[Saved entries]

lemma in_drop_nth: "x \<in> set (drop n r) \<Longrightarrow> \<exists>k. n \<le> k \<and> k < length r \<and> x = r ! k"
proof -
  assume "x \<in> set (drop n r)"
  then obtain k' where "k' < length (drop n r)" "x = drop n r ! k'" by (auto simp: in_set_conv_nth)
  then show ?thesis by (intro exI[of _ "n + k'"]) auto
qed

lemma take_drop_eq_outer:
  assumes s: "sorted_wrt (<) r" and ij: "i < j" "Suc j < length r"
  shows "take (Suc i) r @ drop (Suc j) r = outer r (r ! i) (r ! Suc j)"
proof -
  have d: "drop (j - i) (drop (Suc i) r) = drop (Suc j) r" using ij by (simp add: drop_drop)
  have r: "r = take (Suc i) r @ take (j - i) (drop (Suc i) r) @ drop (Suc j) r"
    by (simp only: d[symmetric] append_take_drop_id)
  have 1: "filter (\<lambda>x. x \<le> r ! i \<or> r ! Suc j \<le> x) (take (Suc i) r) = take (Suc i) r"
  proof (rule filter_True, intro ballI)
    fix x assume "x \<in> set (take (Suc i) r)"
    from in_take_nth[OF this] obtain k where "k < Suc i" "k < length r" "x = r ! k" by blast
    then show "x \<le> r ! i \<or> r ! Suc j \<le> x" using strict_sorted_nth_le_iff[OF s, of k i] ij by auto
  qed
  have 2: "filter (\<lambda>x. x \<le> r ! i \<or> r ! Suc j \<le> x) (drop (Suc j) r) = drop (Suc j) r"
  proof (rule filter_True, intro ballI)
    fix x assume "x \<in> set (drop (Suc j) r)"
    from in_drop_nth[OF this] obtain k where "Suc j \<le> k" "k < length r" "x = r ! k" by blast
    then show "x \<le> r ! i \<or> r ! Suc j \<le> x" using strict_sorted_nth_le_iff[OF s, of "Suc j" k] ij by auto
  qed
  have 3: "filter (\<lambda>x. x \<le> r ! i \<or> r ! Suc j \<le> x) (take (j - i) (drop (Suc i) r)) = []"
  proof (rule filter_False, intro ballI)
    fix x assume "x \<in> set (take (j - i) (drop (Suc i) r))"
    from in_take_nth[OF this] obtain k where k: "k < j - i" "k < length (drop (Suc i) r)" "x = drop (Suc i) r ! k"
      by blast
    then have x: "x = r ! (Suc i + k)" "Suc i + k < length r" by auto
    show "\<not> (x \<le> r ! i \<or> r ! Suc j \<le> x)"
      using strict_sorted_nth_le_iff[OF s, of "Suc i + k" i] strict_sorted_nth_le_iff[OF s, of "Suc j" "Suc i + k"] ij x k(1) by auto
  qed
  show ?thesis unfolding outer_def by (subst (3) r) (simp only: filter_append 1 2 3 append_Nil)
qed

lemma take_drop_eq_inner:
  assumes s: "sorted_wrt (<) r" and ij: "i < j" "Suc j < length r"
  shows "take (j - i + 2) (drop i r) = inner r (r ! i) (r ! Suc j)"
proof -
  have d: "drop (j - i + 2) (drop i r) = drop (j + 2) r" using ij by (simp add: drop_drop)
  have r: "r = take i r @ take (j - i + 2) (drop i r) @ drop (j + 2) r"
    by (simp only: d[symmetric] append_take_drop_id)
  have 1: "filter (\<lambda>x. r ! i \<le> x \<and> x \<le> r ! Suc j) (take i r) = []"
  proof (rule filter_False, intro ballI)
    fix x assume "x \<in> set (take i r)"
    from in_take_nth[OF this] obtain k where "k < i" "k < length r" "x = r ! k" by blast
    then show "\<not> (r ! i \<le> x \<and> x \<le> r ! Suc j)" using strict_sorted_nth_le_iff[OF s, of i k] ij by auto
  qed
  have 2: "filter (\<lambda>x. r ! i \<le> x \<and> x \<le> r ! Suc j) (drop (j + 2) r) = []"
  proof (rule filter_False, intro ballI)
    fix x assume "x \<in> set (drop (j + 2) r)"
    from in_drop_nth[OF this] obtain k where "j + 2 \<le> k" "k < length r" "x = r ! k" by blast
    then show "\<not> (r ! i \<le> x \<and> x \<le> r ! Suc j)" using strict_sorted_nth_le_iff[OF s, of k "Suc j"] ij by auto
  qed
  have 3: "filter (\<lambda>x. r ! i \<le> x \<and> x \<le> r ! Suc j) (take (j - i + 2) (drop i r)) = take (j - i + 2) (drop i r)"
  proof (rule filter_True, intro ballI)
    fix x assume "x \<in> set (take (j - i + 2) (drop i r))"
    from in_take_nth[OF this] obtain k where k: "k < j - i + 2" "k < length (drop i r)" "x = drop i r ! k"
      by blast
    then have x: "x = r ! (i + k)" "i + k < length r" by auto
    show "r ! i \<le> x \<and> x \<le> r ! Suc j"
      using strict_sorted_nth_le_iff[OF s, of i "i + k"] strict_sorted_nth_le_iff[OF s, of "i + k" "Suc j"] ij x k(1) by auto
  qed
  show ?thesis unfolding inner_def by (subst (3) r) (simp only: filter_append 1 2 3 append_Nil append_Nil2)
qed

* * *

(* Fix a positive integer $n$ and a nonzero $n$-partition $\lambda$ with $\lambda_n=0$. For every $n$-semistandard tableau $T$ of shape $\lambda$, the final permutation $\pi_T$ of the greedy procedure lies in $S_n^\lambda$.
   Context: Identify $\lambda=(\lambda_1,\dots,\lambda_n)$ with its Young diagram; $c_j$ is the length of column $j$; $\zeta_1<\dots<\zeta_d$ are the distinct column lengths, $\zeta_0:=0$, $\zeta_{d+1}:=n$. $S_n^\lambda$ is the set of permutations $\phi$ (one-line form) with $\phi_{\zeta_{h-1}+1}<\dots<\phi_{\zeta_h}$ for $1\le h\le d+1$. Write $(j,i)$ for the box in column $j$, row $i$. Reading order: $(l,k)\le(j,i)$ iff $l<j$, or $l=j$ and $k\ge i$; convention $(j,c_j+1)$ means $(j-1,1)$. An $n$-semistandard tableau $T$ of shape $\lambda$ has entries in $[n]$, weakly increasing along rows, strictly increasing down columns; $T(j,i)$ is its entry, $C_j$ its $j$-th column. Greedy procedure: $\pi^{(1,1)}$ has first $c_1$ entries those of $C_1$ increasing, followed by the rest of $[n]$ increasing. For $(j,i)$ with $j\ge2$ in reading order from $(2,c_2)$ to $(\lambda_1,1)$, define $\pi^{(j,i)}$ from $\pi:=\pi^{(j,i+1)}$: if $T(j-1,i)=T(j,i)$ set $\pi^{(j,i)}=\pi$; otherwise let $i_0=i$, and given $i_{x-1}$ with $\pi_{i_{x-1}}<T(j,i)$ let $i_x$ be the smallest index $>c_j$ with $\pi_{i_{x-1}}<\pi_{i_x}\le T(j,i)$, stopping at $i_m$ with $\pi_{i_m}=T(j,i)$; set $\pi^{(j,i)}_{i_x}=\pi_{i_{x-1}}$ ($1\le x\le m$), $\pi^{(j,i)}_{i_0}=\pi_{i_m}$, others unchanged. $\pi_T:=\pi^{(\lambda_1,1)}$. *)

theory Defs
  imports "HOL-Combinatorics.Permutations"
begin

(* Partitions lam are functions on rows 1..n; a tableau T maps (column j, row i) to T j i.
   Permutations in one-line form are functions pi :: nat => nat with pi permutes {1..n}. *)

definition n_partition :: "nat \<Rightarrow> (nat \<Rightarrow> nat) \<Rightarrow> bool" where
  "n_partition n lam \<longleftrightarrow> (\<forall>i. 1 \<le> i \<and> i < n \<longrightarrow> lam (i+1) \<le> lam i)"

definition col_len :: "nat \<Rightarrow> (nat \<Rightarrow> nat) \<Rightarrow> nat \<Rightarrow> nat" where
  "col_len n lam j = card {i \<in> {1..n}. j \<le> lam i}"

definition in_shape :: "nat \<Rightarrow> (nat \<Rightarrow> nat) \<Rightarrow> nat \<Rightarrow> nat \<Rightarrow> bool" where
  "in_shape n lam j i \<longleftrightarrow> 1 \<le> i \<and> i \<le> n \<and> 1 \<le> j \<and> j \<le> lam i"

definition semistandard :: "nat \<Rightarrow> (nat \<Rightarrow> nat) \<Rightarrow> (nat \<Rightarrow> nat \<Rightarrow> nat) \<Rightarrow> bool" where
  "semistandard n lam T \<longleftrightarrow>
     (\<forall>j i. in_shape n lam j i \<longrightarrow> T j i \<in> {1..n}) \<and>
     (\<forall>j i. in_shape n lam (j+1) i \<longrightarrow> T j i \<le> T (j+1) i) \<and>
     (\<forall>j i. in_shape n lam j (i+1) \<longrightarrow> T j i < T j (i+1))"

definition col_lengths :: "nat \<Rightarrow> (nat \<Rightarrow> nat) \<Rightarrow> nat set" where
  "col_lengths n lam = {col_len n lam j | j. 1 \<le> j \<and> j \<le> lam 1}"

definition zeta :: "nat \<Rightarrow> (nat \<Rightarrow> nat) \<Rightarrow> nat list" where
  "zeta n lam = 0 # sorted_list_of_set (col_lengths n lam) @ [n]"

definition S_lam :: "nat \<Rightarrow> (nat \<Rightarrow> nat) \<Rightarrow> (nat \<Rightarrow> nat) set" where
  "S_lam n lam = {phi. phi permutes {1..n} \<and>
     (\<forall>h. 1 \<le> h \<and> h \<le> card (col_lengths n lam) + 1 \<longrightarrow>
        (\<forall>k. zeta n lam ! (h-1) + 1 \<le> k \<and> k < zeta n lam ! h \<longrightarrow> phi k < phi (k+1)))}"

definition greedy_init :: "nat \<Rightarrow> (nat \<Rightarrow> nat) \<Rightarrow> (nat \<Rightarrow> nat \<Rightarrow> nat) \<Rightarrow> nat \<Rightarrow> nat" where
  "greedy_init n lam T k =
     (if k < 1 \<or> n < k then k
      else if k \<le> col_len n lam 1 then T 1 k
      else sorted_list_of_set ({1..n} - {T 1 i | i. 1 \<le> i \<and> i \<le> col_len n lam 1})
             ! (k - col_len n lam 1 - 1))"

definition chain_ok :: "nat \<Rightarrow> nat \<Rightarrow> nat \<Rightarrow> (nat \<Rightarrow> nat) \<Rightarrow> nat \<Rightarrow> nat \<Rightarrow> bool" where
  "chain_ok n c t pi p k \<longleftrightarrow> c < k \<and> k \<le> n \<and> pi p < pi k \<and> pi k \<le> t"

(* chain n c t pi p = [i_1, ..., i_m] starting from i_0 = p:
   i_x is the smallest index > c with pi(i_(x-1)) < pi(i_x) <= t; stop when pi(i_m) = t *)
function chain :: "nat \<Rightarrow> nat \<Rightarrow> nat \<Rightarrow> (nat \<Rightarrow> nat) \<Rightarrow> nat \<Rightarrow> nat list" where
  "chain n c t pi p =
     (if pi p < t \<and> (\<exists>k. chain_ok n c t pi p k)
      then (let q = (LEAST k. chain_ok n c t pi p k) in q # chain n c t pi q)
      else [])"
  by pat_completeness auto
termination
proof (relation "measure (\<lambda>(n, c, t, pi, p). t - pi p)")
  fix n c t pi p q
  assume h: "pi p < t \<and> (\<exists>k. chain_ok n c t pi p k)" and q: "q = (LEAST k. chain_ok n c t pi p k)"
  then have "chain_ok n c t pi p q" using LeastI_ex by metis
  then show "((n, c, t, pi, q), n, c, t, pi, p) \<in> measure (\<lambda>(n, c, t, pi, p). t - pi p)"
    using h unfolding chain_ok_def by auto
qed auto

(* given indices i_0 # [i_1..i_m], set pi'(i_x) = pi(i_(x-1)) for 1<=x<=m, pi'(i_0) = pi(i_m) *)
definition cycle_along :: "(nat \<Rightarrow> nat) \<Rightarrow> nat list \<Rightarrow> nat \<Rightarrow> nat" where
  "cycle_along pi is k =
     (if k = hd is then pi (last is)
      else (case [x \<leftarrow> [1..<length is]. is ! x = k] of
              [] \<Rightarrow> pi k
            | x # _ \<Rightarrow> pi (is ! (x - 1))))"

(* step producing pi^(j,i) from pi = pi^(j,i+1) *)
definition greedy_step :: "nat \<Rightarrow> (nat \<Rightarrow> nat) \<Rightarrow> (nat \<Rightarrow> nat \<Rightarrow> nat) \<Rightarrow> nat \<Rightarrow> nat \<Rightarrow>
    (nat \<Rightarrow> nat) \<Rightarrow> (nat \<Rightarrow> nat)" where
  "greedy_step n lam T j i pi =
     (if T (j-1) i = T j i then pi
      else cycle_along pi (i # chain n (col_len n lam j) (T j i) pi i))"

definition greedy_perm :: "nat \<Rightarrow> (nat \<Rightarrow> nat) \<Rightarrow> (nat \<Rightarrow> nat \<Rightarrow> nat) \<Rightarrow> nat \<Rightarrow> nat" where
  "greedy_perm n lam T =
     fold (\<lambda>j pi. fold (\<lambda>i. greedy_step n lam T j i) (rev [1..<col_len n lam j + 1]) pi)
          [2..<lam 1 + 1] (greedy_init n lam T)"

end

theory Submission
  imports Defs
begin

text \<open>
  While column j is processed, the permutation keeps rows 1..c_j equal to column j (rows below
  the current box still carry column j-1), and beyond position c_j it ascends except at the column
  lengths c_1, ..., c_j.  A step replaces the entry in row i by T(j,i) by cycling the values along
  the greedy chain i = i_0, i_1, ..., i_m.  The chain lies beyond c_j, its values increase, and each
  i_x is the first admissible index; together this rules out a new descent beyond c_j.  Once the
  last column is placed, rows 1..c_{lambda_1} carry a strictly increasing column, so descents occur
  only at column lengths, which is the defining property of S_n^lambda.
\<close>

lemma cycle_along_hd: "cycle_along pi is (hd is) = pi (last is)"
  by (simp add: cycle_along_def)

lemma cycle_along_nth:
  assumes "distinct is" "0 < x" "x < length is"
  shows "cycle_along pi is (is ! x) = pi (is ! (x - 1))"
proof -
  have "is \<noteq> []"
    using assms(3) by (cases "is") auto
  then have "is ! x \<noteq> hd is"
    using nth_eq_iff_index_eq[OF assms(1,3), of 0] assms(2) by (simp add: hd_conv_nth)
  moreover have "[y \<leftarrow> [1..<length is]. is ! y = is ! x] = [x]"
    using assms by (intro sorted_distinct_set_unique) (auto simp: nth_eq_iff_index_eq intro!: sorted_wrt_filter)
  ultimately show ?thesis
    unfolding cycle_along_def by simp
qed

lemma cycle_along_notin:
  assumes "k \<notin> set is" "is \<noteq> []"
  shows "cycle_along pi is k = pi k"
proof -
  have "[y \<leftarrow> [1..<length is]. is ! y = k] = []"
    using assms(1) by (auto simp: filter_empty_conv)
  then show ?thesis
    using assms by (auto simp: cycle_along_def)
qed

[BRIEF] Check every line of the data and give the number of them that hold the string "beyond", with no other words.

[OUTPUT OF THE EXERCISE] 3